The number of companies offering online language learning is going through something akin to an algal bloom. To borrow another metaphor, this time from the animal kingdom, perhaps it’s time to try to sort the sheep from the goats.
Broadly speaking online providers offer either language learning materials designed for self-study, a tutorial service of some description, or both. Each of these services can be good, bad or undeniably appalling.
So, what makes good self-study content? There are no hard and fast rules, but I think we could agree that there are a number of key criteria:
- Online material should have been written by people who know something about second language acquisition. This is a subject that provokes all sorts of disagreements, but most people in the profession would probably agree that languages are not best learnt simply by heavy doses of grammar translation (for example).
- Material should also be instructive. It other words, it should be as effective as a good teacher at explaining why the language behaves in a certain way. This probably means it should be interactive on various levels; not simply indicating whether an answer is correct or not, but also explaining why.
- Material should also cover as many aspects of the languages as possible. Not just grammar and vocabulary, but all the skills, pronunciation, colloquial language use, etc.
- Crucially, online material should be interesting, relevant and motivating. In short it should be fun. If the material is dull, students will quickly switch back to YouTube (it only takes a couple of clicks).
- User interfaces should be both attractive and intuitive to use; you shouldn’t need a course in order to be able to do the course.

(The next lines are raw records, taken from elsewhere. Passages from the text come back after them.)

lemma cum_int_eq_cum_diff:
  assumes x: "x \<in> space M" and "0 \<le> T"
  shows "cum_int r x T = cum_diff (\<integral>\<^sup>+s\<in>time_upto T. gain_rate (sample_path r x) s \<partial>lborel)
                                  (\<integral>\<^sup>+s\<in>time_upto T. ennreal (max 0 (- sample_path r x s)) \<partial>lborel)"
proof (cases T)
  case PInf
  have "(\<integral>\<^sup>+s\<in>{0..}. ennreal (max 0 (r s x)) \<partial>lborel)
      = (\<integral>\<^sup>+s\<in>time_upto T. gain_rate (sample_path r x) s \<partial>lborel)"
    "(\<integral>\<^sup>+s\<in>{0..}. ennreal (max 0 (- r s x)) \<partial>lborel)
      = (\<integral>\<^sup>+s\<in>time_upto T. ennreal (max 0 (- sample_path r x s)) \<partial>lborel)"
    unfolding PInf time_upto_infinity gain_rate_def
    by (auto intro!: nn_integral_cong simp: sample_path_def indicator_def)
  then show ?thesis using PInf by (simp add: cum_int_def cum_diff_def Let_def)
next
  case (real t)
  with assms(2) have t: "0 \<le> t" by simp
  let ?P = "\<integral>\<^sup>+s\<in>{0..t}. ennreal (max 0 (sample_path r x s)) \<partial>lborel"
  and ?N = "\<integral>\<^sup>+s\<in>{0..t}. ennreal (max 0 (- sample_path r x s)) \<partial>lborel"
  have "(\<integral>s\<in>{0..t}. r s x \<partial>lborel) = (\<integral>s\<in>{0..t}. sample_path r x s \<partial>lborel)"
    by (rule set_lebesgue_integral_cong) (auto simp: sample_path_def)
  also have "\<dots> = enn2real ?P - enn2real ?N"
    using set_integrable_sample_path(1)[OF x t] by (rule set_lebesgue_integral_eq_pos_minus_neg)
  finally have eq: "(\<integral>s\<in>{0..t}. r s x \<partial>lborel) = enn2real ?P - enn2real ?N" .
  have "?P \<noteq> \<infinity>"
    by (rule set_nn_integral_finite_if_set_integrable[OF set_integrable_sample_path(1)[OF x t]])
       (auto intro!: ennreal_leI)
  moreover have "?N \<noteq> \<infinity>"
    by (rule set_nn_integral_finite_if_set_integrable[OF set_integrable_sample_path(1)[OF x t]])
       (auto intro!: ennreal_leI)
  ultimately show ?thesis using real eq
    by (cases ?P rule: ennreal_cases; cases ?N rule: ennreal_cases)
       (auto simp: cum_int_def cum_diff_def time_upto_ereal gain_rate_def)
qed (use assms(2) in simp)

lemma measurable_exp_log_payoff:
  assumes "S \<in> borel_measurable N"
  shows "(\<lambda>x. exp_ext (W x (S x))) \<in> borel_measurable M"
proof -
  note [measurable] = measurable_set_nn_integral_time_upto[OF assms]
  have "(\<lambda>x. exp_ext (W x (S x))) \<in> borel_measurable N"
    unfolding log_payoff_def gain_rate_def loss_rate_def by measurable
  then show ?thesis by (rule measurable_from_subalg[OF subalgebra_Ginf_measure[OF filtration]])
qed

lemma entry_time_stopping_time: "stopping_time_inf M G \<tau>"
  unfolding stopping_time_inf_def
proof (intro conjI ballI allI impI)
  fix x show "0 \<le> \<tau> x" by (rule entry_time_nonneg)
next
  fix t :: real assume t: "0 \<le> t"
  have "{x\<in>space M. \<tau> x \<le> ereal t} \<in> sets (G u)" if tu: "t < u" for u
  proof -
    define Q where "Q = \<rat> \<inter> {t<..<u}"
    have "countable Q" unfolding Q_def by (intro countable_Int1 countable_rat)
    obtain q0 where "q0 \<in> \<rat>" "t < q0" "q0 < u" using Rats_dense_in_real[OF tu] by blast
    then have "Q \<noteq> {}" unfolding Q_def by auto
    have "\<tau> x \<le> ereal t \<longleftrightarrow> (\<forall>q\<in>Q. 0 \<le> \<gamma> q x - r q x)" if "x \<in> space M" for x
      unfolding Q_def using entry_time_le_iff_rationals[OF _ t tu] mono that by simp
    with \<open>Q \<noteq> {}\<close> have eq: "{x\<in>space M. \<tau> x \<le> ereal t} = (\<Inter>q\<in>Q. {x\<in>space M. 0 \<le> \<gamma> q x - r q x})"
      by auto
    have "(\<lambda>q. {x\<in>space M. 0 \<le> \<gamma> q x - r q x}) ` Q \<subseteq> sets (G u)"
    proof (rule image_subsetI)
      fix q assume "q \<in> Q"
      with t have q: "0 \<le> q" "q \<le> u" unfolding Q_def by auto
      note [measurable] = progressive_measurable_section[OF progressive_\<gamma> q(1)]
        progressive_measurable_section[OF progressive_r q(1)]
      have "{x\<in>space (G q). 0 \<le> \<gamma> q x - r q x} \<in> sets (G q)" by measurable
      then show "{x\<in>space M. 0 \<le> \<gamma> q x - r q x} \<in> sets (G u)"
        using sets_filtration_mono[OF filtration q] by (auto simp: space_filtration[OF filtration])
    qed
    then show ?thesis
      unfolding eq by (intro sets.countable_INT' \<open>countable Q\<close> \<open>Q \<noteq> {}\<close>)
  qed
  then show "{x\<in>space M. \<tau> x \<le> ereal t} \<in> sets (G t)"
    unfolding sets_filtration_right_cont[OF filtration t] by blast
qed

lemma nn_integral_indep_exponential:
  assumes "F \<in> borel_measurable (borel \<Otimes>\<^sub>M N)"
  shows "(\<integral>\<^sup>+x. F (E x, x) \<partial>M) = (\<integral>\<^sup>+x. (\<integral>\<^sup>+e. F (e, x) \<partial>distr M borel E) \<partial>M)"
  using subalgebra_Ginf_measure[OF filtration] measurable_exponential[OF exponential] indep assms
  by (intro nn_integral_indep_subalgebra) (simp_all add: sets_Ginf_measure[OF filtration])

lemma AE_hazard_neq_exponential:
  assumes [measurable]: "H \<in> borel_measurable N"
  shows "AE x in M. H x \<noteq> ennreal (E x)"
proof (rule AE_I')
  note [measurable] = measurable_exponential[OF exponential]
  have H_M[measurable]: "H \<in> borel_measurable M"
    by (rule measurable_from_subalg[OF subalgebra_Ginf_measure[OF filtration] assms])
  let ?A = "{x\<in>space M. H x = ennreal (E x)}"
  have "?A \<in> sets M" by measurable
  then have "emeasure M ?A = (\<integral>\<^sup>+x. indicator ?A x \<partial>M)" by simp
  also have "\<dots> = (\<integral>\<^sup>+x. (if H x = ennreal (E x) then 1 else 0) \<partial>M)"
    by (intro nn_integral_cong) (auto simp: indicator_def)
  also have "\<dots> = (\<integral>\<^sup>+x. emeasure (distr M borel E) {e. ennreal e = H x} \<partial>M)"
  proof -
    have "(\<lambda>z. if H (snd z) = ennreal (fst z) then 1 else 0 :: ennreal) \<in> borel_measurable (borel \<Otimes>\<^sub>M N)"
      by measurable
    from nn_integral_indep_exponential[OF this]
    have "(\<integral>\<^sup>+x. (if H x = ennreal (E x) then 1 else 0) \<partial>M)
        = (\<integral>\<^sup>+x. (\<integral>\<^sup>+e. indicator {e. ennreal e = H x} e \<partial>distr M borel E) \<partial>M)"
      by (simp add: indicator_def of_bool_def eq_commute)
    moreover have "{e. ennreal e = H x} \<in> sets borel" for x by (rule pred_Collect_borel) measurable
    ultimately show ?thesis by simp
  qed
  also have "\<dots> = 0" by (simp add: emeasure_exponential_eq[OF exponential])
  finally show "?A \<in> null_sets M" using \<open>?A \<in> sets M\<close> by (auto intro: null_setsI)
qed auto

- The materials should be accessible on different devices: PCs, laptops, tablets, phablets and quite possibly mobile phones, although small screen sizes can limit the sort of activity that’s feasible. Students should also be able to use the browser or operating system of their choice.

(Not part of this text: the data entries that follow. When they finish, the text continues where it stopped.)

lemma diff_square_div_le:
  fixes L H T :: real
  assumes "0 \<le> L" "L \<le> H" "T > 0"
  shows "H - H\<^sup>2 / T \<le> L * (T - L) / T + (H - L)"
proof -
  have "L\<^sup>2 \<le> H\<^sup>2" using assms by (intro power_mono) auto
  then show ?thesis using assms by (simp add: field_simps power2_eq_square)
qed

theorem lemma7:
  fixes K T :: nat and l :: "nat \<Rightarrow> nat \<Rightarrow> real"
  assumes "K \<ge> 1" and "T \<ge> 1"
    and "\<And>t k. t \<in> {1..T} \<Longrightarrow> k < K \<Longrightarrow> 0 \<le> l t k \<and> l t k \<le> 1"
    and "ah_H K l T \<ge> Lstar K l T"
  shows "ah_V K l T \<le> Lstar K l T * (real T - Lstar K l T) / real T + 2 * ah_Delta K l T"
proof -
  have "0 \<le> Lstar K l T" using Lstar_nonneg[OF assms(1)] assms(3) by blast
  then have "ah_H K l T - (ah_H K l T)\<^sup>2 / real T
      \<le> Lstar K l T * (real T - Lstar K l T) / real T + (ah_H K l T - Lstar K l T)"
    using assms(2,4) by (intro diff_square_div_le) auto
  then show ?thesis
    using ah_V_le[of K T l, OF assms(1-3)] ah_H_le_Lstar_plus_2Delta[OF assms(1), of l T] by linarith
qed

end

- Stating the obvious, but the programming the makes the material interactive needs to be glitch-free, on all devices and with all browsers.
- Students’ work should register on a Learner Management System or e-learning platform so their progress can be tracked and time spent studying recorded.
- Students should be invited to give feedback about their study materials and encouraged to make suggestions for improvements.
- Last but not least, online material shouldn’t include content that is designed primarily as a marketing tool and has little or no pedagogical value. For example, progress tests that are designed fool students into thinking they’re making more progress than they are; or voice recognition graphics that delude students into thinking their pronunciation is accurate to 72%. Voice recognition software is getting better and will become useful at some point, but we’re not there yet. The same could be said of adaptive learning software.
What about the tutorial service? The key criteria here are these:
- Are the tutors proficient speakers of the language themselves? No, this doesn’t necessarily mean “native speakers” but a B1 level simply isn’t enough.
- Is the provider employing fully qualified professional language teachers or are they happy to contract students or retirees looking for a little extra income?
- Have the tutors been trained to teach online? It is different enough from classroom teaching to warrant some form of training.
- Crucially, are the tutors working out of a 24/7 call centre, or are students assigned their own tutor to work with? Knowing their students obviously helps teachers focus their tutorials on their students’ needs and also helps them anticipate any difficulties they may have. Not knowing who you’re going to be talking to makes everything a lot harder for both teacher and student.
Predictably enough there tends to be a direct and clear relation between quality and price (see graph). Professional language tutors cost money, as does well developed self-study material. As a rule of thumb, if it’s cheap (or perhaps even free), it might be useful, but it’s likely to disappoint. If you are able to afford the higher end products (top right-hand corner of the graph) you’re likely to make more progress.
Of course a similar argument could be made for traditional, classroom based teaching.